**Task goal:**
Print, exactly as they stand, the lines from the start of the listing to the line containing "qed (simp add: T_def)", inclusive.

◇ ◇ ◇ ◇ ◇ ◇ ◇

lemma card_indices_nth:
  fixes p :: "'a::finite list"
  assumes "distinct p" and "set p = UNIV"
  shows "card {j. j < length p \<and> P (p ! j)} = card {z. P z}"
proof -
  have "{z. P z} = (!) p ` {j. j < length p \<and> P (p ! j)}"
    using \<open>set p = UNIV\<close> by (auto simp: image_iff) (metis UNIV_I in_set_conv_nth)
  moreover have "inj_on ((!) p) {j. j < length p \<and> P (p ! j)}"
    using \<open>distinct p\<close> by (auto simp: inj_on_def nth_eq_iff_index_eq)
  ultimately show ?thesis by (simp add: card_image)
qed

lemma exists_crossing_chords:
  fixes p :: "'a::finite list"
  assumes sg: "simple_graph E" and dp: "distinct p" and sp: "set p = UNIV"
    and kn: "Suc k < length p"
    and deg: "degree E (p ! k) + degree E (p ! Suc k) \<ge> CARD('a) + 1"
  shows "\<exists>j. j \<noteq> k \<and> Suc j < length p \<and> E (p ! k) (p ! j) \<and> E (p ! Suc k) (p ! Suc j)"
proof -
  define n where "n = length p"
  define S where "S = {j. j < n - 1 \<and> E (p ! k) (p ! j)}"
  define T where "T = {j. j < n - 1 \<and> E (p ! Suc k) (p ! Suc j)}"
  have "degree E (p ! k) = card {j. j < n \<and> E (p ! k) (p ! j)}"
    unfolding degree_def n_def using card_indices_nth[OF dp sp] by simp
  also have "\<dots> \<le> card (insert (n - 1) S)" by (rule card_mono) (auto simp: S_def)
  also have "\<dots> \<le> card S + 1" by (simp add: card_insert_if S_def)
  finally have degS: "degree E (p ! k) \<le> card S + 1" .
  have "degree E (p ! Suc k) = card {j. j < n \<and> E (p ! Suc k) (p ! j)}"
    unfolding degree_def n_def using card_indices_nth[OF dp sp] by simp
  also have "\<dots> \<le> card (insert 0 (Suc ` T))"
  proof (rule card_mono)
    show "{j. j < n \<and> E (p ! Suc k) (p ! j)} \<subseteq> insert 0 (Suc ` T)"
    proof
      fix j assume "j \<in> {j. j < n \<and> E (p ! Suc k) (p ! j)}"
      thus "j \<in> insert 0 (Suc ` T)" by (cases j) (auto simp: T_def)
    qed
  qed (simp add: T_def)
  also have "\<dots> \<le> card T + 1" by (simp add: card_insert_if card_image T_def)
  finally have degT: "degree E (p ! Suc k) \<le> card T + 1" .
  \<comment> \<open>Neither \<open>S\<close> nor \<open>T\<close> contains \<open>k\<close>, so they cannot be disjoint subsets of \<open>{0..<n-1} - {k}\<close>.\<close>
  have "S \<union> T \<subseteq> {0..<n-1} - {k}"
    using simple_graph_irrefl[OF sg] by (auto simp: S_def T_def)
  hence "card (S \<union> T) \<le> card ({0..<n-1} - {k})" by (intro card_mono) auto
  also have "\<dots> = n - 2" using kn by (simp add: n_def)
  finally have "card (S \<union> T) \<le> n - 2" .
  hence "S \<inter> T \<noteq> {}"
    using degS degT deg kn length_distinct_UNIV[OF dp sp]
    by (auto simp: card_Un_disjoint S_def T_def n_def)
  then obtain j where "j \<in> S" "j \<in> T" by blast
  moreover have "j \<noteq> k" using \<open>j \<in> S\<close> simple_graph_irrefl[OF sg] by (auto simp: S_def)
  ultimately show ?thesis by (auto simp: S_def T_def n_def)
qed

definition add_edge :: "('a \<Rightarrow> 'a \<Rightarrow> bool) \<Rightarrow> 'a \<Rightarrow> 'a \<Rightarrow> 'a \<Rightarrow> 'a \<Rightarrow> bool" where
  "add_edge E x y = (\<lambda>a b. E a b \<or> (a = x \<and> b = y) \<or> (a = y \<and> b = x))"

lemma simple_graph_add_edge:
  "simple_graph E \<Longrightarrow> x \<noteq> y \<Longrightarrow> simple_graph (add_edge E x y)"
  unfolding simple_graph_def add_edge_def by blast

lemma hamilton_connected_of_add_edge:
  fixes E :: "'a::finite \<Rightarrow> 'a \<Rightarrow> bool"
  assumes sg: "simple_graph E"
    and deg: "degree E x + degree E y \<ge> CARD('a) + 1"
    and hc: "hamilton_connected (add_edge E x y)"
  shows "hamilton_connected E"
  unfolding hamilton_connected_def
proof (intro allI impI)
  fix u v :: 'a assume "u \<noteq> v"
  then obtain p where "ham_path (add_edge E x y) u v p"
    using hc unfolding hamilton_connected_def by blast
  hence dp: "distinct p" and sp: "set p = UNIV" and ends: "hd p = u" "last p = v"
    and path: "\<And>i. Suc i < length p \<Longrightarrow> add_edge E x y (p ! i) (p ! Suc i)"
    unfolding ham_path_def by auto
  show "\<exists>q. ham_path E u v q"
  proof (cases "\<forall>i. Suc i < length p \<longrightarrow> E (p ! i) (p ! Suc i)")
    case True
    thus ?thesis using \<open>ham_path (add_edge E x y) u v p\<close> unfolding ham_path_def by blast
  next
    case False
    then obtain k where kn: "Suc k < length p" and "\<not> E (p ! k) (p ! Suc k)" by blast
    hence new: "{p ! k, p ! Suc k} = {x, y}"
      using path[OF kn] unfolding add_edge_def by auto
    have old: "E (p ! i) (p ! Suc i)" if "Suc i < length p" "i \<noteq> k" for i
    proof (rule ccontr)
      assume "\<not> E (p ! i) (p ! Suc i)"
      hence "{p ! i, p ! Suc i} = {x, y}" using path[OF that(1)] unfolding add_edge_def by auto
      with new that kn dp show False by (auto simp: doubleton_eq_iff nth_eq_iff_index_eq)
    qed
    have "degree E (p ! k) + degree E (p ! Suc k) \<ge> CARD('a) + 1"
      using deg new by (auto simp: doubleton_eq_iff)
    then obtain j where j: "j \<noteq> k" "Suc j < length p"
      and chords: "E (p ! k) (p ! j)" "E (p ! Suc k) (p ! Suc j)"
      using exists_crossing_chords[OF sg dp sp kn] by blast
    have sym: "\<And>a b. E a b \<Longrightarrow> E b a" using simple_graph_sym[OF sg] by blast
    have "\<exists>q. ham_path E (hd p) (last p) q"
    proof (cases "j < k")
      case True
      with j kn old chords show ?thesis
        by (intro ham_path_two_opt[OF dp sp True kn _ sym]) (auto intro: sym)
    next
      case False
      with j old chords show ?thesis
        by (intro ham_path_two_opt[OF dp sp _ j(2) _ sym]) auto
    qed
    thus ?thesis using ends by simp
  qed
qed

lemma hamilton_connected_complete:
  fixes E :: "'a::finite \<Rightarrow> 'a \<Rightarrow> bool"
  assumes "\<And>a b. a \<noteq> b \<Longrightarrow> E a b"
  shows "hamilton_connected E"
  unfolding hamilton_connected_def
proof (intro allI impI)
  fix u v :: 'a assume "u \<noteq> v"
  obtain xs where xs: "distinct xs" "set xs = UNIV - {u, v}"
    using finite_distinct_list[of "UNIV - {u, v}"] by auto
  define p where "p = u # xs @ [v]"
  have "distinct p" unfolding p_def using xs \<open>u \<noteq> v\<close> by auto
  hence "E (p ! i) (p ! Suc i)" if "Suc i < length p" for i
    using that by (intro assms) (simp add: nth_eq_iff_index_eq)
  with \<open>distinct p\<close> have "ham_path E u v p"
    unfolding ham_path_def using xs by (auto simp: p_def)
  thus "\<exists>p. ham_path E u v p" by blast
qed

section \<open>Counting non-edges\<close>

definition nondegree :: "('a \<Rightarrow> 'a \<Rightarrow> bool) \<Rightarrow> 'a \<Rightarrow> nat" where
  "nondegree E x = card {y. y \<noteq> x \<and> \<not> E x y}"

text \<open>\<open>nondegree_sum E\<close> is twice the number of edges of the complement of \<open>E\<close>.\<close>

definition nondegree_sum :: "('a::finite \<Rightarrow> 'a \<Rightarrow> bool) \<Rightarrow> nat" where
  "nondegree_sum E = (\<Sum>x\<in>UNIV. nondegree E x)"

lemma nondegree_eq_sum:
  "nondegree E (x::'a::finite) = (\<Sum>y\<in>UNIV. of_bool (x \<noteq> y \<and> \<not> E x y))"
  by (simp add: nondegree_def eq_commute)

lemma degree_add_nondegree:
  fixes E :: "'a::finite \<Rightarrow> 'a \<Rightarrow> bool"
  assumes "simple_graph E"
  shows "degree E x + nondegree E x = CARD('a) - 1"
proof -
  have "{y. E x y} \<union> {y. y \<noteq> x \<and> \<not> E x y} = UNIV - {x}"
    using simple_graph_irrefl[OF assms] by auto
  hence "card {y. E x y} + card {y. y \<noteq> x \<and> \<not> E x y} = card (UNIV - {x})"
    by (metis (mono_tags, lifting) card_Un_disjoint disjoint_iff finite mem_Collect_eq)
  thus ?thesis by (simp add: degree_def nondegree_def)
qed

lemma degree_sum_add_nondegree_sum:
  fixes E :: "'a::finite \<Rightarrow> 'a \<Rightarrow> bool"
  assumes "simple_graph E"
  shows "(\<Sum>x\<in>UNIV. degree E x) + nondegree_sum E = CARD('a) * (CARD('a) - 1)"
  using degree_add_nondegree[OF assms] by (simp add: nondegree_sum_def flip: sum.distrib)

lemma nondegree_sum_add_edge:
  fixes E :: "'a::finite \<Rightarrow> 'a \<Rightarrow> bool"
  assumes sg: "simple_graph E" and "x \<noteq> y" "\<not> E x y"
  shows "nondegree_sum (add_edge E x y) + 2 = nondegree_sum E"
proof -
  have "nondegree E z = nondegree (add_edge E x y) z + of_bool (z = x) + of_bool (z = y)" for z
  proof -
    have "nondegree E z = (\<Sum>w\<in>UNIV. of_bool (z \<noteq> w \<and> \<not> add_edge E x y z w)
        + of_bool (z = x \<and> w = y) + of_bool (z = y \<and> w = x))"
      unfolding nondegree_eq_sum using assms simple_graph_sym[OF sg]
      by (intro sum.cong) (auto simp: add_edge_def)
    thus ?thesis by (simp add: sum.distrib nondegree_eq_sum)
  qed
  thus ?thesis using \<open>x \<noteq> y\<close> by (simp add: nondegree_sum_def sum.distrib)
qed

lemma nondegree_pair_bound:
  fixes E :: "'a::finite \<Rightarrow> 'a \<Rightarrow> bool"
  assumes sg: "simple_graph E" and xy: "x \<noteq> y" "\<not> E x y"
    and F: "F \<subseteq> UNIV - {x, y}"
    and F_nonadj: "\<And>z. z \<in> F \<Longrightarrow> \<exists>w. w \<notin> {x, y} \<and> w \<noteq> z \<and> \<not> E z w"
  shows "2 * (nondegree E x + nondegree E y) + card F \<le> nondegree_sum E + 2"
proof -
  define R where "R = UNIV - {x, y}"
  let ?c = "\<lambda>z w. of_bool (z \<noteq> w \<and> \<not> E z w) :: nat"
  have split: "(\<Sum>w\<in>UNIV. f w) = (\<Sum>w\<in>R. f w) + f x + f y" for f :: "'a \<Rightarrow> nat"
    using xy by (simp add: R_def sum.subset_diff[of "{x, y}" UNIV f])
  have c_sym: "?c z w = ?c w z" for z w using simple_graph_sym[OF sg] by auto
  have to_end: "(\<Sum>z\<in>R. ?c z a) + 1 = nondegree E a" if "a \<in> {x, y}" for a
  proof -
    have "nondegree E a = (\<Sum>z\<in>UNIV. ?c z a)"
      unfolding nondegree_eq_sum by (intro sum.cong) (auto simp: c_sym)
    also have "\<dots> = (\<Sum>z\<in>R. ?c z a) + (?c x a + ?c y a)" by (simp only: split add.assoc)
    also have "?c x a + ?c y a = 1" using that xy simple_graph_sym[OF sg] by auto
    finally show ?thesis by simp
  qed
  have pointwise: "?c z x + ?c z y + of_bool (z \<in> F) \<le> nondegree E z" if "z \<in> R" for z
  proof -
    have "of_bool (z \<in> F) \<le> (\<Sum>w\<in>R. ?c z w)"
    proof (cases "z \<in> F")
      case True
      then obtain w where "w \<in> R" "w \<noteq> z" "\<not> E z w" using F_nonadj by (auto simp: R_def)
      hence "?c z w \<le> (\<Sum>w\<in>R. ?c z w)" by (intro member_le_sum) auto
      thus ?thesis using True \<open>w \<noteq> z\<close> \<open>\<not> E z w\<close> by simp
    qed simp
    thus ?thesis using split[of "?c z"] by (simp add: nondegree_eq_sum)
  qed
  have "(\<Sum>z\<in>R. of_bool (z \<in> F)) = card F"
    using F by (simp add: R_def Int_absorb1)
  moreover have "(\<Sum>z\<in>R. ?c z x + ?c z y + of_bool (z \<in> F)) \<le> (\<Sum>z\<in>R. nondegree E z)"
    by (rule sum_mono) (rule pointwise)
  ultimately have "(\<Sum>z\<in>R. ?c z x) + (\<Sum>z\<in>R. ?c z y) + card F \<le> (\<Sum>z\<in>R. nondegree E z)"
    by (simp only: sum.distrib)
  moreover have "nondegree_sum E = (\<Sum>z\<in>R. nondegree E z) + nondegree E x + nondegree E y"
    unfolding nondegree_sum_def by (rule split)
  ultimately show ?thesis using to_end[of x] to_end[of y] by simp
qed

◇ ◇ ◇ ◇ ◇ ◇ ◇

**Written solution:**
lemma card_indices_nth:
  fixes p :: "'a::finite list"
  assumes "distinct p" and "set p = UNIV"
  shows "card {j. j < length p \<and> P (p ! j)} = card {z. P z}"
proof -
  have "{z. P z} = (!) p ` {j. j < length p \<and> P (p ! j)}"
    using \<open>set p = UNIV\<close> by (auto simp: image_iff) (metis UNIV_I in_set_conv_nth)
  moreover have "inj_on ((!) p) {j. j < length p \<and> P (p ! j)}"
    using \<open>distinct p\<close> by (auto simp: inj_on_def nth_eq_iff_index_eq)
  ultimately show ?thesis by (simp add: card_image)
qed

lemma exists_crossing_chords:
  fixes p :: "'a::finite list"
  assumes sg: "simple_graph E" and dp: "distinct p" and sp: "set p = UNIV"
    and kn: "Suc k < length p"
    and deg: "degree E (p ! k) + degree E (p ! Suc k) \<ge> CARD('a) + 1"
  shows "\<exists>j. j \<noteq> k \<and> Suc j < length p \<and> E (p ! k) (p ! j) \<and> E (p ! Suc k) (p ! Suc j)"
proof -
  define n where "n = length p"
  define S where "S = {j. j < n - 1 \<and> E (p ! k) (p ! j)}"
  define T where "T = {j. j < n - 1 \<and> E (p ! Suc k) (p ! Suc j)}"
  have "degree E (p ! k) = card {j. j < n \<and> E (p ! k) (p ! j)}"
    unfolding degree_def n_def using card_indices_nth[OF dp sp] by simp
  also have "\<dots> \<le> card (insert (n - 1) S)" by (rule card_mono) (auto simp: S_def)
  also have "\<dots> \<le> card S + 1" by (simp add: card_insert_if S_def)
  finally have degS: "degree E (p ! k) \<le> card S + 1" .
  have "degree E (p ! Suc k) = card {j. j < n \<and> E (p ! Suc k) (p ! j)}"
    unfolding degree_def n_def using card_indices_nth[OF dp sp] by simp
  also have "\<dots> \<le> card (insert 0 (Suc ` T))"
  proof (rule card_mono)
    show "{j. j < n \<and> E (p ! Suc k) (p ! j)} \<subseteq> insert 0 (Suc ` T)"
    proof
      fix j assume "j \<in> {j. j < n \<and> E (p ! Suc k) (p ! j)}"
      thus "j \<in> insert 0 (Suc ` T)" by (cases j) (auto simp: T_def)
    qed
  qed (simp add: T_def)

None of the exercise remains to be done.